▸ Task description
Copy word for word the lines from the start of the records through the line that contains "< t \<Longrightarrow>", both included.

---- Data provided

lemma measure_lessThan_below_median: "t < median M \<Longrightarrow> measure M {..<t} \<le> 1/2"
  using less_cSupD[OF median_set_nonempty] measure_lessThan_mono
  unfolding median_def by (metis less_imp_le mem_Collect_eq order_trans)

lemma measure_lessThan_above_median: "median M < t \<Longrightarrow> 1/2 < measure M {..<t}"
  using cSup_upper[OF _ median_set_bdd_above, of t] unfolding median_def by force

lemma measure_lessThan_median: "measure M {..<median M} \<le> 1/2"
proof (rule tendsto_upperbound[OF cdf_at_left])
  have "cdf M t \<le> 1/2" if "t < median M" for t
    using cdf_le_measure_lessThan[of t "(t + median M) / 2"]
      measure_lessThan_below_median[of "(t + median M) / 2"] that by auto
  then show "\<forall>\<^sub>F t in at_left (median M). cdf M t \<le> 1/2"
    by (auto simp: eventually_at_left_field intro: exI[of _ "median M - 1"])
qed simp

lemma cdf_median: "1/2 \<le> cdf M (median M)"
proof (rule tendsto_lowerbound)
  show "(cdf M \<longlongrightarrow> cdf M (median M)) (at_right (median M))"
    using cdf_is_right_cont by (simp add: continuous_within)
  have "1/2 \<le> cdf M t" if "median M < t" for t
    using measure_lessThan_above_median[OF that] measure_lessThan_le_cdf[of t] by simp
  then show "\<forall>\<^sub>F t in at_right (median M). 1/2 \<le> cdf M t"
    by (auto simp: eventually_at_right_field intro: exI[of _ "median M + 1"])
qed simp

end

lemma median_mono:
  assumes "real_distribution N\<^sub>1" "real_distribution N\<^sub>2"
    and "\<And>t. measure N\<^sub>2 {..<t} \<le> measure N\<^sub>1 {..<t}"
  shows "median N\<^sub>1 \<le> median N\<^sub>2"
  unfolding median_def
  by (intro cSup_subset_mono real_distribution.median_set_nonempty[OF assms(1)]
      real_distribution.median_set_bdd_above[OF assms(2)]) (use assms(3) in \<open>blast intro: order_trans\<close>)

context prob_space
begin

lemma measure_distr_lessThan:
  fixes Z :: "'a \<Rightarrow> real"
  assumes "Z \<in> borel_measurable M"
  shows "measure (distr M borel Z) {..<t} = prob {\<omega> \<in> space M. Z \<omega> < t}"
  using assms
  by (subst measure_distr) (auto intro!: arg_cong[where f=prob])

lemma cdf_distr:
  "Z \<in> borel_measurable M \<Longrightarrow> cdf (distr M borel Z) t = prob {\<omega> \<in> space M. Z \<omega> \<le> t}"
  unfolding cdf_def by (subst measure_distr) (auto intro!: arg_cong[where f=prob])

lemma prob_less_median_le:
  "Z \<in> borel_measurable M \<Longrightarrow> prob {\<omega> \<in> space M. Z \<omega> < median (distr M borel Z)} \<le> 1/2"
  using real_distribution.measure_lessThan_median[OF real_distribution_distr]
  by (simp add: measure_distr_lessThan)

lemma prob_le_median_ge:
  "Z \<in> borel_measurable M \<Longrightarrow> 1/2 \<le> prob {\<omega> \<in> space M. Z \<omega> \<le> median (distr M borel Z)}"
  using real_distribution.cdf_median[OF real_distribution_distr] by (simp add: cdf_distr)

lemma prob_less_below_median:
  "Z \<in> borel_measurable M \<Longrightarrow> t < median (distr M borel Z) \<Longrightarrow> prob {\<omega> \<in> space M. Z \<omega> < t} \<le> 1/2"
  using real_distribution.measure_lessThan_below_median[OF real_distribution_distr]
  by (simp add: measure_distr_lessThan)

--------

▸ Answer box
lemma measure_lessThan_below_median: "t < median M \<Longrightarrow> measure M {..<t} \<le> 1/2"
  using less_cSupD[OF median_set_nonempty] measure_lessThan_mono
  unfolding median_def by (metis less_imp_le mem_Collect_eq order_trans)

lemma measure_lessThan_above_median: "median M < t \<Longrightarrow> 1/2 < measure M {..<t}"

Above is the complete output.